▸ Task prompt
Below are lines of data; count those containing the word "tensor" and write nothing but the number.
# # # # # # #
(* Let $G$ be a compact Hausdorff topological group, $p\colon E\to B$ a $G$-map of Hausdorff $G$-spaces, and suppose $E$ is $G$-contractible. If either ($B$ is $G$-connected and $E^G\neq\emptyset$) or ($p(E^H)=B^H$ for all closed subgroups $H$ of $G$), then $\mathrm{secat}_G(p)=\mathrm{cat}_G(B)$.
   Context: $X^H=\{x: hx=x\ \forall h\in H\}$; $X$ is $G$-connected if $X^H$ is path-connected for every closed subgroup $H$. A $G$-homotopy is an equivariant homotopy with trivial action on $I$. An invariant set is $G$-categorical if its inclusion is $G$-homotopic to a map into a single orbit; $\mathrm{cat}_G(X)$ is the least number of open $G$-categorical sets covering $X$; $X$ is $G$-contractible if $\mathrm{cat}_G(X)=1$. $\mathrm{secat}_G(p)$ is the least $k$ such that $B$ is covered by $k$ invariant open sets $U_i$ each admitting a $G$-map $s\colon U_i\to E$ with $ps$ $G$-homotopic to the inclusion ($\infty$ if none). *)

theory Defs
  imports "HOL-Analysis.Analysis" "HOL-Algebra.Group"
begin

definition topological_group :: "'g monoid \<Rightarrow> 'g topology \<Rightarrow> bool" where
  "topological_group G TG \<longleftrightarrow> group G \<and> topspace TG = carrier G
     \<and> continuous_map (prod_topology TG TG) TG (\<lambda>(x,y). x \<otimes>\<^bsub>G\<^esub> y)
     \<and> continuous_map TG TG (\<lambda>x. inv\<^bsub>G\<^esub> x)"

definition compact_Hausdorff_group :: "'g monoid \<Rightarrow> 'g topology \<Rightarrow> bool" where
  "compact_Hausdorff_group G TG \<longleftrightarrow> topological_group G TG \<and> compact_space TG \<and> Hausdorff_space TG"

definition G_space :: "'g monoid \<Rightarrow> 'g topology \<Rightarrow> 'x topology \<Rightarrow> ('g \<Rightarrow> 'x \<Rightarrow> 'x) \<Rightarrow> bool" where
  "G_space G TG X a \<longleftrightarrow> continuous_map (prod_topology TG X) X (\<lambda>(g,x). a g x)
     \<and> (\<forall>x\<in>topspace X. a \<one>\<^bsub>G\<^esub> x = x)
     \<and> (\<forall>g\<in>carrier G. \<forall>h\<in>carrier G. \<forall>x\<in>topspace X. a (g \<otimes>\<^bsub>G\<^esub> h) x = a g (a h x))"

definition equivariant :: "'g monoid \<Rightarrow> 'x topology \<Rightarrow> ('g \<Rightarrow> 'x \<Rightarrow> 'x) \<Rightarrow> ('g \<Rightarrow> 'y \<Rightarrow> 'y) \<Rightarrow> ('x \<Rightarrow> 'y) \<Rightarrow> bool" where
  "equivariant G X a b f \<longleftrightarrow> (\<forall>g\<in>carrier G. \<forall>x\<in>topspace X. f (a g x) = b g (f x))"

definition G_map :: "'g monoid \<Rightarrow> 'x topology \<Rightarrow> ('g \<Rightarrow> 'x \<Rightarrow> 'x) \<Rightarrow> 'y topology \<Rightarrow> ('g \<Rightarrow> 'y \<Rightarrow> 'y) \<Rightarrow> ('x \<Rightarrow> 'y) \<Rightarrow> bool" where
  "G_map G X a Y b f \<longleftrightarrow> continuous_map X Y f \<and> equivariant G X a b f"
(* Let $\Gamma>0$ and $B\in\mathbb{R}$. For $N\in\mathbb{N}_+$ let \[ H_N^{\mathrm{CW}}=-\frac{\Gamma}{2N}\sum_{x,y=1}^{N}\sigma_3(x)\sigma_3(y)-B\sum_{x=1}^{N}\sigma_1(x) \] acting on $\bigotimes_{i=1}^N\mathbb{C}^2$ (a $2^N\times2^N$ real symmetric matrix), and let $\bar H_N^{\mathrm{CW}}=H_N^{\mathrm{CW}}/N$. Then $\{\bar H_N^{\mathrm{CW}}\}_N$ is a zero-distributed GLT sequence; in particular, for every continuous compactly supported $F:\mathbb{R}\to\mathbb{C}$, \[ \lim_{N\to\infty}\frac{1}{2^N}\sum_{j=1}^{2^N}F\big(\lambda_j(\bar H_N^{\mathrm{CW}})\big)=F(0), \] and the same holds with singular values in place of eigenvalues.
   Context: Pauli matrices: $\sigma_1=\begin{pmatrix}0&1\\1&0\end{pmatrix}$, $\sigma_3=\begin{pmatrix}1&0\\0&-1\end{pmatrix}$. $\sigma_i(x)$ denotes the operator on $\bigotimes_{k=1}^N\mathbb{C}^2$ acting as $\sigma_i$ on the $x$-th tensor factor and as the $2\times2$ identity on the others. A matrix-sequence $\{A_N\}_N$ (with $A_N$ of size $d_N\to\infty$) is zero-distributed if $\lim_{N}\frac{1}{d_N}\sum_jF(\sigma_j(A_N))=F(0)$ for all $F\in C_c(\mathbb{R})$; zero-distributed sequences are exactly the GLT sequences with GLT symbol $0$. *)

theory Defs
  imports Complex_Main "Jordan_Normal_Form.Char_Poly" "HOL-Computational_Algebra.Polynomial"
begin

text \<open>Computational basis of the N-fold tensor product of C^2: index i in {0..<2^N};
  tensor factor k (1 \<le> k \<le> N) is in basis state bit i (k-1), where bit i m = (i div 2^m) mod 2.\<close>

definition bit_of :: "nat \<Rightarrow> nat \<Rightarrow> nat" where
  "bit_of i m = (i div 2 ^ m) mod 2"

definition pauli1 :: "real mat" where
  "pauli1 = mat_of_rows_list 2 [[0, 1], [1, 0]]"

definition pauli3 :: "real mat" where
  "pauli3 = mat_of_rows_list 2 [[1, 0], [0, -1]]"

text \<open>sigma_at N x M: the operator acting as the 2x2 matrix M on the x-th tensor factor
  (1 \<le> x \<le> N) and as the identity on the others (entries of the Kronecker product).\<close>
definition sigma_at :: "nat \<Rightarrow> nat \<Rightarrow> real mat \<Rightarrow> real mat" where
  "sigma_at N x M = mat (2 ^ N) (2 ^ N) (\<lambda>(i, j).
      \<Prod>k\<in>{1..N}. (if k = x then M $$ (bit_of i (k - 1), bit_of j (k - 1))
                    else (if bit_of i (k - 1) = bit_of j (k - 1) then 1 else 0)))"

definition H_CW :: "real \<Rightarrow> real \<Rightarrow> nat \<Rightarrow> real mat" where
  "H_CW \<Gamma> B N = mat (2 ^ N) (2 ^ N) (\<lambda>(i, j).
      - (\<Gamma> / (2 * real N)) * (\<Sum>x\<in>{1..N}. \<Sum>y\<in>{1..N}.
            (sigma_at N x pauli3 * sigma_at N y pauli3) $$ (i, j))
      - B * (\<Sum>x\<in>{1..N}. sigma_at N x pauli1 $$ (i, j)))"

definition Hbar_CW :: "real \<Rightarrow> real \<Rightarrow> nat \<Rightarrow> real mat" where
  "Hbar_CW \<Gamma> B N = (1 / real N) \<cdot>\<^sub>m H_CW \<Gamma> B N"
# # # # # # #
▸ Final answer
4